Please refer to FIG. 1 . FIG. 1 is a schematic diagram of an electronic device shown according to the first embodiment of the disclosure. In the present embodiment, an electronic device 100 includes an integrated driver board 110 and a semiconductor unit substrate SB1. The integrated driver board 110 includes a circuit board 111, a data drive circuit 112, and a scanning drive circuit 113. The data drive circuit 112 and the scanning drive circuit 113 are disposed on the circuit board 111. The semiconductor unit substrate SB1 is coupled to the data drive circuit 112 and the scanning drive circuit 113. The semiconductor unit substrate SB1 includes a plurality of semiconductor units SU. In the present embodiment, the semiconductor units SU may be any type of pixel unit, photodiode, antenna diode (such as a varactor, etc.), packaging unit (such as a chip, etc.), or any type of light-emitting element. The scanning drive circuit 113 may be a gate drive circuit or a shift register circuit.

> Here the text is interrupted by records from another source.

(* Let $f:\Gamma\to\Gamma$ be an irreducible, expanding graph map with stacks $\mathcal{K}_1,\dots,\mathcal{K}_p$, where $\mathcal{K}_i$ has $n_i$ edges, and let $n=|\mathcal{E}\Gamma|$. Then the stack graph $\mathcal{SG}(f)$ is strongly connected, and for every $i$ the set of all vertices of $\mathcal{SG}(f)$ is contained in the directed ball $B_{n-n_i}(\mathcal{K}_i)$.
   Context: A graph $\Gamma$ is a finite 1-dimensional CW complex with a chosen orientation on each edge; $\mathcal{E}\Gamma$ is its set of edges, $\bar e$ is the reverse of $e$, $\iota,\tau$ the endpoints. An edge path is a nonempty concatenation $u=e_1\cdots e_k$ of oriented edges with $\tau(e_i)=\iota(e_{i+1})$; $|u|=k$ (no cancellation); $u$ traverses $e$ if $e$ or $\bar e$ occurs in it. A graph map $f:\Gamma\to\Gamma$ assigns to vertices vertices and to each oriented edge $e$ an edge path $f(e)$ with $\iota(f(e))=f(\iota(e))$, $f(\bar e)=\overline{f(e)}$; powers are compositions, applied to paths by concatenation without tightening. $T(f)$ has $(i,j)$ entry the number of times $f(e_i)$ traverses $e_j$; $f$ is irreducible if $T(f)$ is irreducible and every vertex has valence $\ge3$; expanding if $|f^n(e)|\to\infty$ for every edge. Stacks: $e$ is mixing if $|f(e)|>1$; surplus if non-mixing and $f(e)\in\{f(u),\overline{f(u)}\}$ for some edge $u\notin\{e,\bar e\}$. Stacks are the classes of the equivalence relation on $\mathcal{E}\Gamma$ (unoriented edges) generated by $e\sim f(e)$ for $e$ non-mixing and non-surplus. Each stack has the form $\mathcal{K}=\{e,f(e),\dots,f^s(e)\}$ with only $f^s(e)$ mixing or surplus; $f^s(e)$ is the final edge of $\mathcal{K}$. Let $\alpha_i$ be the final edge of $\mathcal{K}_i$. The stack graph $\mathcal{SG}(f)$ is the directed graph with vertex set $\{\mathcal{K}_1,\dots,\mathcal{K}_p\}$ and a directed edge $[\mathcal{K}_i,\mathcal{K}_j]$ whenever $f(\alpha_i)$ contains an edge of $\mathcal{K}_j$; its length is $s([\mathcal{K}_i,\mathcal{K}_j])=\min\{s\ge1:f^s(\alpha_i)\text{ traverses }\alpha_j\}$. For a directed path $P=E_1\cdots E_k$ (edges traversed only in their positive direction), $s(P)=\sum s(E_i)$. The directed ball of size $d$ at $\mathcal{K}_i$ is $B_d(\mathcal{K}_i)=\{\mathcal{K}_j:\text{there is a directed path }P\text{ from }\mathcal{K}_i\text{ to }\mathcal{K}_j\text{ with }s(P)\le d\}$ (the empty path, of length $0$, is allowed, so $\mathcal{K}_i\in B_d(\mathcal{K}_i)$). Strongly connected means there is a directed path between any ordered pair of vertices. *)

theory Defs
  imports Main
begin

(* An oriented edge is a pair (e, b) with
   b = True the chosen orientation of e and b = False its reverse \<bar>e. *)

type_synonym 'e oedge = "'e \<times> bool"

definition ostart :: "('e \<Rightarrow> 'v) \<Rightarrow> ('e \<Rightarrow> 'v) \<Rightarrow> 'e oedge \<Rightarrow> 'v" where
  "ostart src tgt x = (if snd x then src (fst x) else tgt (fst x))"

definition oend :: "('e \<Rightarrow> 'v) \<Rightarrow> ('e \<Rightarrow> 'v) \<Rightarrow> 'e oedge \<Rightarrow> 'v" where
  "oend src tgt x = (if snd x then tgt (fst x) else src (fst x))"

definition obar :: "'e oedge \<Rightarrow> 'e oedge" where
  "obar x = (fst x, \<not> snd x)"

definition prev :: "'e oedge list \<Rightarrow> 'e oedge list" where
  "prev u = rev (map obar u)"

definition is_graph :: "'v set \<Rightarrow> 'e set \<Rightarrow> ('e \<Rightarrow> 'v) \<Rightarrow> ('e \<Rightarrow> 'v) \<Rightarrow> bool" where
  "is_graph V E src tgt \<longleftrightarrow> finite V \<and> finite E \<and> (\<forall>e\<in>E. src e \<in> V \<and> tgt e \<in> V)"

(* nonempty concatenation of oriented edges of the graph, no cancellation required *)
definition is_edge_path :: "'e set \<Rightarrow> ('e \<Rightarrow> 'v) \<Rightarrow> ('e \<Rightarrow> 'v) \<Rightarrow> 'e oedge list \<Rightarrow> bool" where
  "is_edge_path E src tgt u \<longleftrightarrow> u \<noteq> [] \<and> fst ` set u \<subseteq> E \<and>
     (\<forall>i. Suc i < length u \<longrightarrow> oend src tgt (u ! i) = ostart src tgt (u ! Suc i))"

(* A graph map is given by fv on vertices and fe on positively oriented edges;
   on reversed edges it is defined by f(\<bar>e) = reverse of f(e) (see omap). *)
definition graph_map :: "'v set \<Rightarrow> 'e set \<Rightarrow> ('e \<Rightarrow> 'v) \<Rightarrow> ('e \<Rightarrow> 'v) \<Rightarrow>
    ('v \<Rightarrow> 'v) \<Rightarrow> ('e \<Rightarrow> 'e oedge list) \<Rightarrow> bool" where
  "graph_map V E src tgt fv fe \<longleftrightarrow> fv ` V \<subseteq> V \<and>
     (\<forall>e\<in>E. is_edge_path E src tgt (fe e) \<and>
        ostart src tgt (hd (fe e)) = fv (src e) \<and> oend src tgt (last (fe e)) = fv (tgt e))"

definition omap :: "('e \<Rightarrow> 'e oedge list) \<Rightarrow> 'e oedge \<Rightarrow> 'e oedge list" where
  "omap fe x = (if snd x then fe (fst x) else prev (fe (fst x)))"

(* image of a path: concatenation, no tightening *)
definition pmap :: "('e \<Rightarrow> 'e oedge list) \<Rightarrow> 'e oedge list \<Rightarrow> 'e oedge list" where
  "pmap fe u = concat (map (omap fe) u)"

definition fpow :: "('e \<Rightarrow> 'e oedge list) \<Rightarrow> nat \<Rightarrow> 'e \<Rightarrow> 'e oedge list" where
  "fpow fe n e = (pmap fe ^^ n) [(e, True)]"

definition traverses :: "'e oedge list \<Rightarrow> 'e \<Rightarrow> bool" where
  "traverses u e \<longleftrightarrow> e \<in> fst ` set u"

definition trans_mat :: "('e \<Rightarrow> 'e oedge list) \<Rightarrow> 'e \<Rightarrow> 'e \<Rightarrow> nat" where
  "trans_mat fe i j = length (filter (\<lambda>x. fst x = j) (fe i))"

It should be mentioned that, the data drive circuit 112 and the scanning drive circuit 113 are respectively disposed on the circuit board 111 of the integrated driver board 110 instead of being disposed on the semiconductor unit substrate SB1. Therefore, the data drive circuit 112 and the scanning drive circuit 113 are omitted on the semiconductor unit substrate SB1. In this way, the layout area of the plurality of semiconductor units SU on the semiconductor unit substrate SB1 is not occupied by the data drive circuit 112 and the scanning drive circuit 113. With a fixed layout area of the semiconductor unit substrate SB1, the semiconductor unit substrate SB1 may accommodate more semiconductor units SU. Under the condition that the number of semiconductor units SU is fixed, the area of the semiconductor unit substrate SB1 may be moderately reduced.

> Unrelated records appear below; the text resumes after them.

definition is_cover :: "nat \<Rightarrow> nat set set \<Rightarrow> (nat \<Rightarrow> nat set set) \<Rightarrow> (nat \<Rightarrow> nat) set \<Rightarrow> bool" where
  "is_cover k E I K \<longleftrightarrow> K \<subseteq> states k E \<and>
     (\<forall>i b J u1 u2. dichotomy k E I i b J u1 u2 \<longrightarrow>
        (\<exists>s\<in>K. \<exists>s'\<in>K. is_pair k E i b J u1 u2 s s'))"

end

theory Submission
  imports Defs
begin

text \<open>Put c_j = \<theta>_j(s) - \<theta>_j(s''). Then \<mu>_i(s) - \<mu>_i(s'') is the sum of the c_j over the
  correlation sets C_j containing i. Such a C_j is either {i}, and then c_j = 0 because s and s''
  agree at i, or it meets exactly one block J of I_i and lies inside J \<union> {i}. The pair (t, t')
  chosen for J agrees outside J and coincides with s resp. s'' on J \<union> {i}, so by locality of \<theta>
  the difference \<theta>_j(t) - \<theta>_j(t') is c_j if C_j meets J and 0 otherwise. Summing over the blocks
  therefore counts every c_j exactly once.\<close>

lemma states_clear_outside:
  assumes "s \<in> states k E"
  shows "(\<lambda>x. if x \<in> {1..k} - A then 0 else s x) \<in> states k E"
  using assms unfolding states_def by (auto simp: PiE_iff extensional_def)

lemma is_pair_swap:
  "is_pair k E i b J u1 u2 t t' \<Longrightarrow> is_pair k E i b J u2 u1 t' t"
  unfolding is_pair_def by auto

lemma is_pair_agree_off_block:
  assumes "is_pair k E i b J u1 u2 t t'" and "x \<in> {1..k} - J"
  shows "t x = t' x"
  using assms unfolding is_pair_def by (cases "x = i") auto

lemma is_pair_agree_on_block:
  assumes "is_pair k E i b J (restr s J) u2 t t'" and "s i = b" and "x \<in> J \<union> {i}"
  shows "t x = s x"
  using assms unfolding is_pair_def by (metis Un_iff restrict_apply' singletonD)

lemma dichotomy_of_states:
  assumes "i \<in> {1..k}" "J \<in> I i" "J \<subseteq> {1..k}"
    and "s \<in> states k E" "s' \<in> states k E" "s i = b" "s' i = b"
  shows "dichotomy k E I i b J (restr s J) (restr s' J)"
proof -
  \<comment> \<open>independent sets are closed under subsets, so clearing both states off \<open>J \<union> {i}\<close>
    produces a pair\<close>
  define clear :: "(nat \<Rightarrow> nat) \<Rightarrow> nat \<Rightarrow> nat"
    where "clear t x = (if x \<in> {1..k} - (J \<union> {i}) then 0 else t x)" for t x
  have "is_pair k E i b J (restr s J) (restr s' J) (clear s) (clear s')"
    using assms states_clear_outside[of _ k E "J \<union> {i}"]
    unfolding is_pair_def clear_def by (auto intro!: restrict_ext)
  moreover have "restr t J \<in> J \<rightarrow>\<^sub>E {0, 1}" if "t \<in> states k E" for t
    using that \<open>J \<subseteq> {1..k}\<close> unfolding states_def by (auto simp: PiE_iff)
  moreover have "b \<in> {0, 1}"
    using assms(1,4,6) unfolding states_def by (auto simp: PiE_iff)
  ultimately show ?thesis
    using assms unfolding dichotomy_def by blast
qed

lemma valid_I_block_subset:
  assumes "valid_I k n C i P" "J \<in> P"
  shows "J \<subseteq> {1..k} - {i}"
  using assms unfolding valid_I_def nbrs_def by auto

lemma valid_I_finite:
  assumes "valid_I k n C i P"
  shows "finite P"
proof (rule finite_subset)
  show "P \<subseteq> Pow ({1..k} - {i})"
    using valid_I_block_subset[OF assms] by blast
qed simp

lemma valid_I_block_unique:
  assumes "valid_I k n C i P" "l \<in> {1..n}" "J \<in> P" "J' \<in> P"
    and "C l \<inter> J \<noteq> {}" "C l \<inter> J' \<noteq> {}"
  shows "J = J'"
proof (rule ccontr)
  assume "J \<noteq> J'"
  obtain a a' where a: "a \<in> C l" "a \<in> J" and a': "a' \<in> C l" "a' \<in> J'"
    using assms(5,6) by blast
  have "share n C a a'"
    using assms(2) a(1) a'(1) unfolding share_def by blast
  moreover have "\<forall>J\<in>P. \<forall>J'\<in>P. J \<noteq> J' \<longrightarrow> (\<forall>a\<in>J. \<forall>a'\<in>J'. \<not> share n C a a')"
    using assms(1) unfolding valid_I_def by (elim conjE)
  ultimately show False
    using assms(3,4) a(2) a'(2) \<open>J \<noteq> J'\<close> by blast
qed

In the present embodiment, the data drive circuit 112 is connected to the plurality of semiconductor units SU via channels LD1 to LD9. The data drive circuit 112 simultaneously provides data signals SD1 to SD9 to the plurality of semiconductor units SU via the channels LD1 to LD9. For example, the channels LD1 to LD9 are data lines respectively. For example, the data drive circuit 112 provides the data signal SD1 to the first semiconductor unit column in the plurality of semiconductor units SU via the channel LD1. The data drive circuit 112 provides the data signal SD2 to the second semiconductor unit column in the plurality of semiconductor units SU via the channel LD2, and so on.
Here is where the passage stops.